Thursday, December 12, 2024

CEO 20, Staff 0



How can a CEO justify a 20% raise for themselves and nothing for their staff?  It seems rather selfish and contradictory to the stated and intended culture.  I saw this happen right on time for a CEO in October, while staff continued wonder in December if and when it would come to pass.  Sad.


Wednesday, December 11, 2024

Follow-Up with Gaslighting


Greeting me this morning, an email from VQ, attempting to gaslight me.  I am including the original text here for anyone that may be looking for just the right example of what this looks like in the workplace.

The email ...
I am not sure what I said to cause that reaction earlier today, but that was not my intention.  While you were showing me the [report], it came to mind that we needed to change the criteria on the [other displays] to match our compliance rules.  I know that report was originally requested by VHT early 2023 and I really didn’t know much about [the report] at that time and we hadn’t set the compliance rules.  My comments today were just an update that I’d be sending a request to change the report to match the compliance rules. 

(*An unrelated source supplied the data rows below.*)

lemma deriv_tendsto_omega:
  fixes a :: "'n::finite \<Rightarrow> 'n \<Rightarrow> real"
  assumes K: "K > 0" and c: "\<forall>i. c i > 0" and nn: "\<forall>i j. i \<noteq> j \<longrightarrow> 0 \<le> a i j"
    and q: "QSC a" and dok: "delays_ok \<tau>"
    and sync: "\<And>i t. g i (y i) + K / c i *
      (\<Sum>j\<in>nbrs a i. a i j * ((\<omega> * (t - \<tau> i j) + d j) - (\<omega> * t + d i))) = \<omega>"
    and sol: "is_solution g y c K a \<tau> \<phi> x"
  shows "((\<lambda>t. \<bar>deriv (x i) t - \<omega>\<bar>) \<longlongrightarrow> 0) at_top"
proof -
  interpret deviation: delayed_consensus a "\<lambda>i. K / c i" \<tau> "tau_max \<tau>" "\<lambda>i t. x i t - (\<omega> * t + d i)"
    by (rule deviation_delayed_consensus[OF K c nn dok sync sol])
  obtain r where "\<forall>j. reaches a r j" using QSC_imp_root[OF q] by blast
  then have "((\<lambda>t. K / c i * (\<Sum>j\<in>nbrs a i. a i j * ((x j (t - \<tau> i j) - (\<omega> * (t - \<tau> i j) + d j))
      - (x i t - (\<omega> * t + d i))))) \<longlongrightarrow> 0) at_top"
    by (rule deviation.velocity_tendsto_zero)
  moreover have "K / c i * (\<Sum>j\<in>nbrs a i. a i j * ((x j (t - \<tau> i j) - (\<omega> * (t - \<tau> i j) + d j))
      - (x i t - (\<omega> * t + d i)))) = deriv (x i) t - \<omega>" if "1 \<le> t" for t
  proof -
    have "(x i has_real_derivative
        g i (y i) + K / c i * (\<Sum>j\<in>nbrs a i. a i j * (x j (t - \<tau> i j) - x i t))) (at t)"
      using sol \<open>1 \<le> t\<close> by (simp add: is_solution_def)
    then show ?thesis using coupling_deviation[OF sync] by (simp add: DERIV_imp_deriv)
  qed
  ultimately have "((\<lambda>t. deriv (x i) t - \<omega>) \<longlongrightarrow> 0) at_top"
    by (rule Lim_transform_eventually[OF _ eventually_at_top_linorderI])
  then show ?thesis by (rule tendsto_rabs_zero)
qed

lemma QSC_imp_globally_synchronizes_to:
  fixes a :: "'n::finite \<Rightarrow> 'n \<Rightarrow> real"
  assumes K: "K > 0" and c: "\<forall>i. c i > 0" and nn: "\<forall>i j. i \<noteq> j \<longrightarrow> 0 \<le> a i j"
    and q: "QSC a" and dok: "delays_ok \<tau>" and \<gamma>: "normalized_left_null a \<gamma>"
  shows "globally_synchronizes_to g y c K a \<tau> (omega_star g y c K a \<tau> \<gamma>)"
proof -
  define \<omega> where "\<omega> = omega_star g y c K a \<tau> \<gamma>"
  obtain d where sync: "\<And>i t. g i (y i) + K / c i *
      (\<Sum>j\<in>nbrs a i. a i j * ((\<omega> * (t - \<tau> i j) + d j) - (\<omega> * t + d i))) = \<omega>"
    using ex_synchronous_offsets[OF K c nn q dok \<gamma>, of g y] unfolding \<omega>_def by blast
  define xs where "xs i t = \<omega> * t + d i" for i t
  have xs_deriv: "(xs i has_real_derivative \<omega>) (at t)" for i t
    unfolding xs_def by (auto intro!: derivative_eq_intros)
  have "admissible_init \<tau> xs"
    unfolding admissible_init_def xs_def
    by (auto intro!: continuous_intros compact_imp_bounded compact_continuous_image)
  moreover have "is_solution g y c K a \<tau> xs xs"
    using xs_deriv sync by (auto simp: is_solution_def xs_def intro!: continuous_intros)
  ultimately show ?thesis
    unfolding globally_synchronizes_to_def \<omega>_def[symmetric]
    using xs_deriv deriv_tendsto_omega[where g = g and y = y and \<omega> = \<omega> and d = d, OF K c nn q dok sync] by blast
qed

theorem theorem1:
  fixes g :: "'n::finite \<Rightarrow> real \<Rightarrow> real" and y :: "'n \<Rightarrow> real" and c :: "'n \<Rightarrow> real"
    and K :: real and a :: "'n \<Rightarrow> 'n \<Rightarrow> real"
  assumes "K > 0" and "\<forall>i. c i > 0" and "\<forall>i j. i \<noteq> j \<longrightarrow> 0 \<le> a i j"
  shows "((\<forall>(g'::'n \<Rightarrow> real \<Rightarrow> real) (y'::'n \<Rightarrow> real) \<tau>. delays_ok \<tau> \<longrightarrow>
              globally_synchronizes g' y' c K a \<tau>) \<longleftrightarrow> QSC a)
    \<and> (QSC a \<longrightarrow>
        (\<forall>\<tau> \<gamma>. delays_ok \<tau> \<longrightarrow> normalized_left_null a \<gamma> \<longrightarrow>
            globally_synchronizes_to g y c K a \<tau> (omega_star g y c K a \<tau> \<gamma>)
            \<and> (\<forall>i. 0 < \<gamma> $ i \<longleftrightarrow> (\<forall>j. j \<noteq> i \<longrightarrow> reaches a i j))))"
proof -
  have "(\<forall>g' y' \<tau>. delays_ok \<tau> \<longrightarrow> globally_synchronizes g' y' c K a \<tau>) \<longleftrightarrow> QSC a"
  proof
    assume "\<forall>g' y' \<tau>. delays_ok \<tau> \<longrightarrow> globally_synchronizes g' y' c K a \<tau>"
    then show "QSC a" using not_QSC_imp_not_synchronizes[OF assms] by blast
  next
    assume "QSC a"
    obtain \<gamma> where "normalized_left_null a \<gamma>" using ex_normalized_left_null[OF assms(3)] by blast
    then show "\<forall>g' y' \<tau>. delays_ok \<tau> \<longrightarrow> globally_synchronizes g' y' c K a \<tau>"
      using QSC_imp_globally_synchronizes_to[OF assms \<open>QSC a\<close>]
      unfolding globally_synchronizes_def by blast
  qed
  then show ?thesis
    using QSC_imp_globally_synchronizes_to[OF assms] normalized_left_null_pos_iff[OF _ assms(3)]
    by blast
qed

end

The change I mentioned today and the request [my minion] sent for the [other] report (per the request of the STeam and report owners) have both caused negative reactions that I wasn’t expecting or intending.  I was told to always send our requests to you, but if there is a different process we should follow, please let me know.  The compliance rules and reporting to support our quality measures is an on-going evolution and changes will continue to be needed as things evolve.  I would like us to be partners on these changes.  Let me know how you’d like to receive these requests in the future.

I forwarded this message along to my direct report, with a simple comment, "For the record, this is gaslighting and equally as unwelcome as her bullying."

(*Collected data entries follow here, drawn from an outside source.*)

lemma reps_ne_nbhd: "reps \<noteq> nbhd"
proof
  assume eq: "reps = nbhd"
  obtain x x' where x: "x \<in> V" "x' \<in> V" "adj E y x" "adj E y x'" "x \<noteq> x'" "\<not> adj E x x'"
    using neighbourhood_not_clique y_in_V by blast
  then have "x \<in> reps" "x' \<in> reps"
    using eq by (auto simp: nbhd_def)
  then obtain z w where "z \<in> served" "w \<in> served" "x = rep z" "x' = rep w"
    unfolding reps_def by blast
  then show False
    using reps_adjacent[of z w] eq x(5,6) by blast
qed

lemma near_reps_ne_nbhd:
  assumes "u \<in> far - served"
  shows "near \<union> reps \<noteq> nbhd"
proof
  assume eq: "near \<union> reps = nbhd"
  have u: "u \<in> V" "u \<in> I" "u \<noteq> y" "\<not> adj E y u"
    using assms in_far_iff I_subset_V by auto
  show False
  proof (cases "served = {}")
    case True
    then have "nbhd \<subseteq> I"
      using eq by (auto simp: reps_def near_def)
    then have "\<not> (\<exists>x\<in>V. adj E y x \<and> adj E x u)"
      using I_not_adj u(2) in_nbhd_iff by blast
    moreover have "\<not> adj E x x'" if "x \<in> V" "x' \<in> V" "adj E y x" "adj E y x'" for x x'
      using that \<open>nbhd \<subseteq> I\<close> I_not_adj in_nbhd_iff by blast
    ultimately show False
      using independent_neighbourhood_common_neighbour[OF y_in_V u(1,3,4)] by blast
  next
    case False
    then obtain z where z: "z \<in> served"
      by blast
    then have "z \<in> far" "z \<noteq> u"
      using assms by (auto simp: served_def)
    have a: "rep z \<in> private_nbrs z"
      using rep_in_private_nbrs[OF z] .
    then obtain x where x: "x \<in> V" "adj E y x" "x \<noteq> rep z" "\<not> adj E x (rep z)"
      using exists_neighbour_nonadjacent[OF y_in_V] by (auto simp: private_nbrs_def nbhd_def)
    then have "x \<in> near \<union> reps"
      using eq by (simp add: nbhd_def)
    then show False
    proof
      assume "x \<in> near"
      obtain t where t: "addition_pair V E u z t"
        using addition_pair_from_unserved assms \<open>z \<in> far\<close> \<open>z \<noteq> u\<close> by blast
      then have "t \<in> private_nbrs z"
        using private_nbr_of_addition_pair assms \<open>z \<in> far\<close> \<open>z \<noteq> u\<close> by blast
      moreover have "nbhd - I \<subseteq> reps"
        using eq by (auto simp: near_def)
      ultimately have "t = rep z"
        using private_nbr_in_reps_eq_rep \<open>z \<in> far\<close> by (auto simp: private_nbrs_def)
      moreover have "x \<noteq> z" "x \<noteq> u" "\<not> adj E x u"
        using \<open>x \<in> near\<close> \<open>z \<in> far\<close> u(2,4) I_not_adj by (auto simp: near_def in_far_iff in_nbhd_iff)
      ultimately show False
        using t x by auto
    next
      assume "x \<in> reps"
      then obtain w where "w \<in> served" "x = rep w"
        by (auto simp: reps_def)
      moreover have "nbhd - I \<subseteq> reps"
        using eq by (auto simp: near_def)
      ultimately show False
        using reps_adjacent[of w z] z x(3,4) by blast
    qed
  qed
qed

lemma exists_nbhd_nonadjacent_unserved:
  assumes "y \<in> I" "u \<in> far - served"
  shows "\<exists>x\<in>nbhd. \<not> adj E x u"
proof -
  have u: "u \<in> V" "u \<noteq> y"
    using assms(2) in_far_iff I_subset_V by auto
  then obtain a b where ab: "deletion_pair V E u a b" "y = a \<or> adj E y a"
    using deletion_pair_towards y_in_V by metis
  have "y \<noteq> a"
  proof
    assume "y = a"
    then have "adj E y b" "b \<in> V" "\<not> adj E b u"
      using ab(1) by auto
    then have "b \<in> nbhd - I"
      using assms(1) I_not_adj in_nbhd_iff by blast
    moreover have "adj E b i" if "i \<in> far - {u}" for i
    proof -
      have "i \<in> V - {u}" "i \<noteq> y" "i \<noteq> b"
        using that \<open>b \<in> nbhd - I\<close> I_subset_V in_far_iff by auto
      moreover have "\<not> adj E i y"
        using that in_far_iff adj_commute by (metis DiffD1)
      ultimately have "adj E i b"
        using ab(1) \<open>y = a\<close> by auto
      then show ?thesis
        using adj_commute by metis
    qed
    ultimately have "b \<in> private_nbrs u"
      using \<open>\<not> adj E b u\<close> by (auto simp: private_nbrs_def)
    then show False
      using assms(2) by (auto simp: served_def)
  qed
  then show ?thesis
    using ab by (auto simp: nbhd_def)
qed

lemma far_eq_served_or_insert:
  "served = far \<or> (\<exists>u. u \<in> far - served \<and> far = insert u served)"
proof (cases "far - served = {}")
  case True
  then show ?thesis
    by (auto simp: served_def)
next
  case False
  then obtain u where u: "u \<in> far - served"
    by blast
  then have "far = insert u served"
    using served_or_served by (auto simp: served_def)
  then show ?thesis
    using u by blast
qed

lemma finite_reps: "finite reps"
  using reps_subset finite_nbhd finite_subset by blast

lemma card_served_add_2_le_card_nbhd:
  assumes "y \<in> I" "u \<in> far - served"
  shows "card served + 2 \<le> card nbhd"
proof -
  obtain x where x: "x \<in> nbhd" "\<not> adj E x u"
    using exists_nbhd_nonadjacent_unserved[OF assms] by blast
  have "adj E r u" if r: "r \<in> reps" for r
  proof -
    obtain z where "z \<in> served" "r = rep z"
      using r by (auto simp: reps_def)
    moreover from this have "u \<in> far - {z}"
      using assms(2) by auto
    ultimately show ?thesis
      using rep_in_private_nbrs by (auto simp: private_nbrs_def)
  qed
  then have "x \<notin> reps"
    using x(2) by blast
  have "insert x reps \<noteq> nbhd"
  proof
    assume eq: "insert x reps = nbhd"
    obtain x' where x': "x' \<in> V" "adj E y x'" "x' \<noteq> x" "\<not> adj E x' x"
      using exists_neighbour_nonadjacent y_in_V x(1) in_nbhd_iff by blast
    then obtain z where z: "z \<in> served" "x' = rep z"
      using eq in_nbhd_iff by (auto simp: reps_def)
    then have "z \<in> far" "z \<noteq> u"
      using assms(2) by (auto simp: served_def)
    then obtain t where t: "addition_pair V E u z t"
      using addition_pair_from_unserved assms(2) by blast
    then have "t \<in> private_nbrs z"
      using private_nbr_of_addition_pair assms(2) \<open>z \<in> far\<close> \<open>z \<noteq> u\<close> by blast
    moreover have "t \<noteq> x"
      using t x(2) adj_commute by metis
    ultimately have "t = x'"
      using eq private_nbr_in_reps_eq_rep \<open>z \<in> far\<close> z(2) by (auto simp: private_nbrs_def)
    moreover have "x \<in> V - {z}" "x \<noteq> u"
      using x(1) \<open>z \<in> far\<close> assms(2) by (auto simp: in_nbhd_iff in_far_iff)
    ultimately have "adj E x t"
      using t x(2) x'(3) by auto
    then show False
      using \<open>t = x'\<close> x'(4) adj_commute by metis
  qed
  moreover have "insert x reps \<subseteq> nbhd"
    using x(1) reps_subset by blast
  ultimately have "card (insert x reps) < card nbhd"
    using finite_nbhd psubset_card_mono by blast
  then show ?thesis
    using \<open>x \<notin> reps\<close> finite_reps card_reps by simp
qed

I do not have to put up with this kind of thing out of anyone.  I absolutely hated working at DST, and ultimately left that place, because it was a morass of this sort of behavior.

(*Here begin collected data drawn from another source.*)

(* The $\Bbbk$-linear monoidal functor $\mathcal{AW}\to\mathcal{AS}$ which is the identity on generating objects $a\ge1$ and sends the generating morphisms $M_{a,b},S_{a,b},X_{a,b},\omega_a$ of $\mathcal{AW}$ to the morphisms with the same names in $\mathcal{AS}$ is faithful and full; that is, $\mathcal{AW}$ is a full subcategory of $\mathcal{AS}$.
   Context: Let $\Bbbk$ be a commutative ring with $1$. The affine Schur category $\mathcal{AS}$ is the strict $\Bbbk$-linear monoidal category defined as follows. Generating objects: the integers $a\ge1$ (black strands of thickness $a$) and the elements $u\in\Bbbk$ (red strands labelled $u$); objects are finite words in these, tensor product being concatenation. Generating morphisms, for $a,b\ge1$, $u\in\Bbbk$: merge $M_{a,b}:(a,b)\to(a+b)$, split $S_{a,b}:(a+b)\to(a,b)$, crossing $X_{a,b}:(a,b)\to(b,a)$, dot $\omega_a:(a)\to(a)$, traverse-up $U_{a,u}:(a,u)\to(u,a)$, traverse-down $D_{u,a}:(u,a)\to(a,u)$. Conventions: a black strand of thickness $0$ is the unit object and any merge, split or crossing involving a thickness-$0$ strand is an identity. Derived morphisms: $\omega_{a,0}:=1_a$; $\omega_{a,r}:=M_{r,a-r}(\omega_r\otimes1_{a-r})S_{r,a-r}$ for $1\le r\le a$; $\omega_{a,r}:=0$ if $r<0$ or $r>a$; $S^{(a)},M^{(a)}$ iterated splits/merges between $(a)$ and $(1,\dots,1)$; $g_r(u):=\sum_{i=0}^{r}(-1)^i\big(\prod_{j=0}^{i-1}(u+j)\big)\omega_{r,r-i}$. Defining relations, for all $a,b,c,d,r\ge1$, $u\in\Bbbk$: (R1) $M_{a+b,c}(M_{a,b}\otimes1_c)=M_{a,b+c}(1_a\otimes M_{b,c})$, $(S_{a,b}\otimes1_c)S_{a+b,c}=(1_a\otimes S_{b,c})S_{a,b+c}$; (R2) if $a+c=b+d$: $S_{b,d}M_{a,c}=\sum(M_{s,c-t}\otimes M_{a-s,t})(1_s\otimes X_{a-s,c-t}\otimes1_t)(S_{s,a-s}\otimes S_{c-t,t})$ over $0\le s\le\min(a,b)$, $0\le t\le\min(c,d)$, $t-s=d-a$; (R3) $M_{a,b}S_{a,b}=\binom{a+b}{a}1_{a+b}$; (R4) $(\omega_b\otimes1_a)X_{a,b}=\sum_{t=0}^{\min(a,b)}t!\,(M_{t,b-t}\otimes M_{a-t,t})(1_t\otimes X_{a-t,b-t}\otimes1_t)(1_t\otimes1_{a-t}\otimes\omega_{b-t}\otimes1_t)(S_{t,a-t}\otimes S_{b-t,t})$ and $X_{b,a}(\omega_b\otimes1_a)=\sum_{t=0}^{\min(a,b)}t!\,(M_{t,a-t}\otimes M_{b-t,t})(1_t\otimes1_{a-t}\otimes\omega_{b-t}\otimes1_t)(1_t\otimes X_{b-t,a-t}\otimes1_t)(S_{t,b-t}\otimes S_{a-t,t})$; (R5) $S_{a,b}\omega_{a+b}=(\omega_a\otimes\omega_b)S_{a,b}$, $\omega_{a+b}M_{a,b}=M_{a,b}(\omega_a\otimes\omega_b)$; (R6) $M^{(a)}(\omega_1\otimes\cdots\otimes\omega_1)S^{(a)}=a!\,\omega_a$; (R7) $D_{u,r}U_{r,u}=g_r(u)\otimes1_u$, $U_{r,u}D_{u,r}=1_u\otimes g_r(u)$; (R8) $(D_{u,b}\otimes1_a)(1_u\otimes X_{a,b})(U_{a,u}\otimes1_b)=(1_b\otimes U_{a,u})(X_{a,b}\otimes1_u)(1_a\otimes D_{u,b})+\sum_{t=1}^{\min(a,b)}t!\,(M_{t,b-t}\otimes1_u\otimes M_{a-t,t})(1_t\otimes1_{b-t}\otimes U_{a-t,u}\otimes1_t)(1_t\otimes X_{a-t,b-t}\otimes1_u\otimes1_t)(1_t\otimes1_{a-t}\otimes D_{u,b-t}\otimes1_t)(S_{t,a-t}\otimes1_u\otimes S_{b-t,t})$; (R9) $(1_u\otimes S_{b,c})U_{b+c,u}=(U_{b,u}\otimes1_c)(1_b\otimes U_{c,u})(S_{b,c}\otimes1_u)$, $(S_{a,b}\otimes1_u)D_{u,a+b}=(1_a\otimes D_{u,b})(D_{u,a}\otimes1_b)(1_u\otimes S_{a,b})$, $D_{u,b+c}(1_u\otimes M_{b,c})=(M_{b,c}\otimes1_u)(1_b\otimes D_{u,c})(D_{u,b}\otimes1_c)$, $U_{a+b,u}(M_{a,b}\otimes1_u)=(1_u\otimes M_{a,b})(U_{a,u}\otimes1_b)(1_a\otimes U_{b,u})$. The affine web category $\mathcal{AW}$ is the strict $\Bbbk$-linear monoidal category with generating objects the integers $a\ge1$ only, generating morphisms $M_{a,b},S_{a,b},X_{a,b},\omega_a$ ($a,b\ge1$), and defining relations (R1)–(R6). *)

theory Defs
  imports Main
begin

section \<open>Free k-linear strict monoidal categories given by generators and relations\<close>

text \<open>Generating objects: black strands of thickness a (a >= 1) and red strands labelled u.\<close>
datatype 'k ob = Blk nat | Red 'k

text \<open>Generating morphisms (the parameters are required to be >= 1 by the well-formedness
  predicates below).\<close>
datatype 'k gen = Mrg nat nat | Spl nat nat | Crs nat nat | Dot nat | Up nat 'k | Dn 'k nat

fun gdom :: "'k gen \<Rightarrow> 'k ob list" where
  "gdom (Mrg a b) = [Blk a, Blk b]"
| "gdom (Spl a b) = [Blk (a + b)]"
| "gdom (Crs a b) = [Blk a, Blk b]"
| "gdom (Dot a) = [Blk a]"
| "gdom (Up a u) = [Blk a, Red u]"
| "gdom (Dn u a) = [Red u, Blk a]"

Even when I was teaching, I was not subjected to this sort of nonsense.








Tuesday, December 10, 2024

Rude and Condescending Bullying


She did it again. VQ and I were discussing some recent changes to the Appointments report, as they related to the new effort, and she lost her mind.

As usual, there were no witnesses.  Those nearby were engaged in loud conversation.  The one that would have heard every word had just left.

I need to start recording every interaction with this individual.

I should probably start seeking a new path.

As usual, it started off normal enough.

She was nearby talking with another, and I asked if she had a spare minute.

The conversation was amicable enough.

I was showing her the recent changes to the new HTeam A Summary report, where it showed up in the dashboard view, and how it all fit together.

She suddenly said that it was inaccurate and that the whole report was to have been changed to the new filtered view.

I explained that we had only discussed adding the Summary page, and we would need to discuss changes to the remainder of the report pages with the HTeam since they are the owner of the report.

She replied that report was requested by a previous RN and that person had no idea what she was doing.

I calmly replied that I understood, but it had been setup for the HTeam based on certain requirements, that they are the report owner, and we would need to discuss the changes with them.

She suddenly exclaimed that she did not understand why I "had to be this way."

Calmly, I replied that I did not understand why this was suddenly escalating.

She nearly shouted, "I'm tired of you always doing this.  You always do this. You always...."

I cut her off, stating, "I can't do this right now," and stood up and began to walk away.

She called after me, "You are the one that asked to talk to me.  I did not ask to talk to you."

I kept walking away and said nothing.



Walking over to my new C, we discussed this incident in detail.  I explained that I had never felt more assaulted than I had just now.  Nobody here has every treated me or anyone that way.  This has to stop, or I need to find someplace else to be.  She assured me that I was not alone in this and she would speak with her.

I am not sur that I have a high degree of confidence this will be addressed.